**What to produce**:
Would you please copy every line of the material that follows, exactly as it reads?

**Recorded data**:
┌──

(* Let $\mathscr{C}$ be a constant composition $(n,M,\mathcal{X},\epsilon,B,\delta)$-code for the complex AWGN channel with noise variance $\sigma^2$ belonging to the family $\mathsf{C}(C,\boldsymbol{A},\boldsymbol{L},\boldsymbol{\alpha},\boldsymbol{p},\boldsymbol{r})$ described below. Then \[ \epsilon\ge 1-\prod_{c=1}^C\left(1-\exp\!\left(-\frac{r_c^2}{\sigma^2}\right)\right)^{np_c}. \]
   Context: Channel: $f_{\boldsymbol{Y}|\boldsymbol{X}}(\boldsymbol{y}|\boldsymbol{\nu})=\prod_{m=1}^n \frac{1}{\pi\sigma^2}\exp(-|y_m-\nu_m|^2/\sigma^2)$. An $(n,M,\mathcal{X})$-code is $\{(\boldsymbol{u}(i),\mathcal{D}_i)\}_{i=1}^M$ with $\boldsymbol{u}(i)\in\mathcal{X}^n$ and pairwise disjoint $\mathcal{D}_i\subseteq\mathbb{C}^n$; $\gamma(\mathscr{C})=\frac1M\sum_i\big(1-\int_{\mathcal{D}_i}f_{\boldsymbol{Y}|\boldsymbol{X}}(\boldsymbol{y}|\boldsymbol{u}(i))\mathrm{d}\boldsymbol{y}\big)$; $e_i=k_1\sum_m|u_m(i)|^2+k_2\sum_m|u_m(i)|^4$ with positive constants $k_1,k_2$; $\theta(\mathscr{C},B)=\frac1M\sum_i\mathbb{1}_{\{e_i<B\}}$; an $(n,M,\mathcal{X},\epsilon,B,\delta)$-code is one with $\gamma(\mathscr{C})\le\epsilon$, $\theta(\mathscr{C},B)\le\delta$. Types: $P_{\boldsymbol{u}(i)}(x)=\frac1n\sum_m\mathbb{1}_{\{u_m(i)=x\}}$, $P_{\mathscr{C}}=\frac1M\sum_iP_{\boldsymbol{u}(i)}$; constant composition means $P_{\boldsymbol{u}(i)}=P_{\mathscr{C}}$ for all $i$. Family $\mathsf{C}(C,\boldsymbol{A},\boldsymbol{L},\boldsymbol{\alpha},\boldsymbol{p},\boldsymbol{r})$: amplitudes $A_1>\dots>A_C>0$; $L_c\in\mathbb{N}$; phases $\alpha_c$; layer $c$ is $\{x_c^{(1)},\dots,x_c^{(L_c)}\}=\{A_c\exp(\mathrm{i}(2\pi\ell/L_c+\alpha_c)):\ell=0,\dots,L_c-1\}$; $\mathcal{X}$ is the union of the layers. Codewords are pairwise distinct with $P_{\mathscr{C}}(x_c^{(\ell)})=p_c/L_c$ for a probability vector $\boldsymbol{p}=(p_1,\dots,p_C)$. With radii $r_c>0$ and discs $\mathcal{G}_c^{(\ell)}=\{y:|y-x_c^{(\ell)}|\le r_c\}$, $\mathcal{D}_i=\prod_m\mathcal{D}_{i,m}$ with $\mathcal{D}_{i,m}=\mathcal{G}_c^{(\ell)}$ if $u_m(i)=x_c^{(\ell)}$; and $A_c-A_{c+1}\ge r_c+r_{c+1}$ for $c<C$. *)

theory Defs
  imports "HOL-Analysis.Analysis"
begin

└──

**Response to the exercise**:
(* Let $\mathscr{C}$ be a constant composition $(n,M,\mathcal{X},\epsilon,B,\delta)$-code for the complex AWGN channel with noise variance $\sigma^2$ belonging to the family $\mathsf{C}(C,\boldsymbol{A},\boldsymbol{L},\boldsymbol{\alpha},\boldsymbol{p},\boldsymbol{r})$ described below. Then \[ \epsilon\ge 1-\prod_{c=1}^C\left(1-\exp\!\left(-\frac{r_c^2}{\sigma^2}\right)\right)^{np_c}. \]
   Context: Channel: $f_{\boldsymbol{Y}|\boldsymbol{X}}(\boldsymbol{y}|\boldsymbol{\nu})=\prod_{m=1}^n \frac{1}{\pi\sigma^2}\exp(-|y_m-\nu_m|^2/\sigma^2)$. An $(n,M,\mathcal{X})$-code is $\{(\boldsymbol{u}(i),\mathcal{D}_i)\}_{i=1}^M$ with $\boldsymbol{u}(i)\in\mathcal{X}^n$ and pairwise disjoint $\mathcal{D}_i\subseteq\mathbb{C}^n$; $\gamma(\mathscr{C})=\frac1M\sum_i\big(1-\int_{\mathcal{D}_i}f_{\boldsymbol{Y}|\boldsymbol{X}}(\boldsymbol{y}|\boldsymbol{u}(i))\mathrm{d}\boldsymbol{y}\big)$; $e_i=k_1\sum_m|u_m(i)|^2+k_2\sum_m|u_m(i)|^4$ with positive constants $k_1,k_2$; $\theta(\mathscr{C},B)=\frac1M\sum_i\mathbb{1}_{\{e_i<B\}}$; an $(n,M,\mathcal{X},\epsilon,B,\delta)$-code is one with $\gamma(\mathscr{C})\le\epsilon$, $\theta(\mathscr{C},B)\le\delta$. Types: $P_{\boldsymbol{u}(i)}(x)=\frac1n\sum_m\mathbb{1}_{\{u_m(i)=x\}}$, $P_{\mathscr{C}}=\frac1M\sum_iP_{\boldsymbol{u}(i)}$; constant composition means $P_{\boldsymbol{u}(i)}=P_{\mathscr{C}}$ for all $i$. Family $\mathsf{C}(C,\boldsymbol{A},\boldsymbol{L},\boldsymbol{\alpha},\boldsymbol{p},\boldsymbol{r})$: amplitudes $A_1>\dots>A_C>0$; $L_c\in\mathbb{N}$; phases $\alpha_c$; layer $c$ is $\{x_c^{(1)},\dots,x_c^{(L_c)}\}=\{A_c\exp(\mathrm{i}(2\pi\ell/L_c+\alpha_c)):\ell=0,\dots,L_c-1\}$; $\mathcal{X}$ is the union of the layers. Codewords are pairwise distinct with $P_{\mathscr{C}}(x_c^{(\ell)})=p_c/L_c$ for a probability vector $\boldsymbol{p}=(p_1,\dots,p_C)$. With radii $r_c>0$ and discs $\mathcal{G}_c^{(\ell)}=\{y:|y-x_c^{(\ell)}|\le r_c\}$, $\mathcal{D}_i=\prod_m\mathcal{D}_{i,m}$ with $\mathcal{D}_{i,m}=\mathcal{G}_c^{(\ell)}$ if $u_m(i)=x_c^{(\ell)}$; and $A_c-A_{c+1}\ge r_c+r_{c+1}$ for $c<C$. *)

theory Defs
  imports "HOL-Analysis.Analysis"
begin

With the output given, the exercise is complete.